[Entries taken from a collection]
************
lemma norm_closest_point_subspace_le:
  fixes U :: "'a::euclidean_space set"
  assumes "subspace U" and perp: "\<And>u. u \<in> U \<Longrightarrow> inner u w = 0"
  shows "norm (closest_point U y) \<le> norm (y - w)"
proof -
  let ?p = "closest_point U y"
  have "norm ?p ^ 2 = inner (y - w) ?p"
    using closest_point_subspace_orthogonal[OF assms(1)] perp[OF closest_point_subspace_mem[OF assms(1)]]
    by (simp add: power2_norm_eq_inner inner_diff_left inner_diff_right inner_commute)
  also have "\<dots> \<le> norm (y - w) * norm ?p"
    by (rule norm_cauchy_schwarz)
  finally show ?thesis
    by (cases "?p = 0") (simp_all add: power2_eq_square)
qed

section \<open>The complementary face\<close>

lemma subspace_orth_in: "subspace E \<Longrightarrow> subspace (orth_in E V)"
  unfolding orth_in_def subspace_def by (auto simp: inner_add_left)

lemma norm_proj_orth_compl_space_le:
  fixes E :: "'a::euclidean_space set"
  assumes "subspace E" and "w \<in> span (compl_face K s)"
  shows "norm (closest_point (orth_in E (compl_space K s)) y) \<le> norm (y - w)"
proof (rule norm_closest_point_subspace_le[OF subspace_orth_in[OF assms(1)]])
  fix u assume u: "u \<in> orth_in E (compl_space K s)"
  have "orthogonal u f" if "f \<in> compl_face K s" for f
    using u that hull_inc[of f "compl_face K s" affine]
    unfolding orth_in_def compl_space_def orthogonal_def by auto
  then show "inner u w = 0"
    using orthogonal_to_span[OF assms(2)] by (simp add: orthogonal_def)
qed

lemma
  assumes "conic_setting E K A b c ystar"
  shows conic_setting_subspace: "subspace E"
    and conic_setting_proper_cone: "proper_cone E K"
    and conic_setting_slack_in_dual_cone: "c - adjE E A ystar \<in> dual_cone E K"
  using assms unfolding conic_setting_def dual_sol_def dual_feas_def by auto

lemma proper_cone_subset: "proper_cone E K \<Longrightarrow> K \<subseteq> E"
  unfolding proper_cone_def by simp

lemma
  assumes "conic_setting E K A b c ystar"
  shows conic_setting_closest_point_mem: "closest_point K x \<in> K"
    and conic_setting_norm_closest_point_le: "norm (closest_point K x) \<le> norm x"
proof -
  have "closed K" "convex K" "cone K" "K \<noteq> {}"
    using conic_setting_proper_cone[OF assms] unfolding proper_cone_def int_in_def by auto
  then show "closest_point K x \<in> K" "norm (closest_point K x) \<le> norm x"
    by (simp_all add: closest_point_in_set norm_closest_point_cone_le)
qed

lemma norm_proj_orth_compl_space_zero_slack:
  fixes E :: "'a::euclidean_space set"
  assumes "subspace E" "y \<in> K"
  shows "norm (closest_point (orth_in E (compl_space K 0)) y) = 0"
proof -
  have "y \<in> span (compl_face K 0)"
    using assms(2) unfolding compl_face_def by (simp add: span_base)
  from norm_proj_orth_compl_space_le[OF assms(1) this, of y] show ?thesis
    by simp
qed

lemma int_dual_cone_uniformly_positive:
  fixes E :: "'a::real_inner set"
  assumes "subspace E" "K \<subseteq> E" "s \<in> int_in E (dual_cone E K)"
  obtains e where "e > 0" "\<And>z. z \<in> K \<Longrightarrow> e * norm z \<le> inner s z"
proof -
  obtain r where r: "r > 0" "\<And>t. t \<in> E \<Longrightarrow> dist t s < r \<Longrightarrow> t \<in> dual_cone E K"
    using assms(3) unfolding int_in_def by auto
  have sE: "s \<in> E"
    using assms(3) unfolding int_in_def dual_cone_def by auto
  have "r / 2 * norm z \<le> inner s z" if z: "z \<in> K" for z
  proof (cases "z = 0")
    case False
    define t where "t = s - (r / 2 / norm z) *\<^sub>R z"
    have "t \<in> E"
      unfolding t_def using assms(1,2) sE z by (auto intro: subspace_diff subspace_scale)
    moreover have "dist t s < r"
      using False r(1) by (simp add: t_def dist_norm)
    ultimately have "0 \<le> inner t z"
      using r(2) z unfolding dual_cone_def by auto
    then show ?thesis
      using False by (simp add: t_def inner_diff_left power2_norm_eq_inner[symmetric] power2_eq_square)
  qed simp
  with r(1) show ?thesis
    using that[of "r / 2"] by simp
qed

lemma int_dual_cone_norm_le_Sup:
  fixes E :: "'a::real_inner set"
  assumes "subspace E" "K \<subseteq> E" "s \<in> int_in E (dual_cone E K)"
  defines "Q \<equiv> {1 / inner s (z /\<^sub>R norm z) | z. z \<in> K - {0}}"
  shows "bdd_above Q" and "y \<in> K \<Longrightarrow> norm y \<le> Sup Q * inner s y"
proof -
  obtain e where e: "e > 0" "\<And>z. z \<in> K \<Longrightarrow> e * norm z \<le> inner s z"
    using int_dual_cone_uniformly_positive[OF assms(1-3)] by blast
  have pos: "e \<le> inner s (z /\<^sub>R norm z)" if "z \<in> K" "z \<noteq> 0" for z
    using e(2)[OF that(1)] that(2) by (simp add: field_simps)
  show bdd: "bdd_above Q"
  proof (rule bdd_aboveI)
    fix q assume "q \<in> Q"
    then obtain z where "z \<in> K" "z \<noteq> 0" "q = 1 / inner s (z /\<^sub>R norm z)"
      unfolding Q_def by auto
    then show "q \<le> 1 / e"
      using pos e(1) by (simp add: frac_le)
  qed
  show "norm y \<le> Sup Q * inner s y" if y: "y \<in> K"
  proof (cases "y = 0")
    case False
    have "1 / inner s (y /\<^sub>R norm y) \<in> Q"
      unfolding Q_def using y False by blast
    then have "1 / inner s (y /\<^sub>R norm y) \<le> Sup Q"
      using bdd by (rule cSup_upper)
    moreover have "0 < e * norm y"
      using e(1) False by simp
    then have "0 < inner s y"
      using e(2)[OF y] by linarith
    ultimately show ?thesis
      using False by (simp add: field_simps)
  qed simp
qed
************
Task item
From the first line of the entries above to the line with "using closest_point_subspace_orthogonal[OF assms(1)]", please return every line exactly, keeping both ends.

Exercise output
lemma norm_closest_point_subspace_le:
  fixes U :: "'a::euclidean_space set"
  assumes "subspace U" and perp: "\<And>u. u \<in> U \<Longrightarrow> inner u w = 0"
  shows "norm (closest_point U y) \<le> norm (y - w)"
proof -
  let ?p = "closest_point U y"
  have "norm ?p ^ 2 = inner (y - w) ?p"
    using closest_point_subspace_orthogonal[OF assms(1)] perp[OF closest_point_subspace_mem[OF assms(1)]]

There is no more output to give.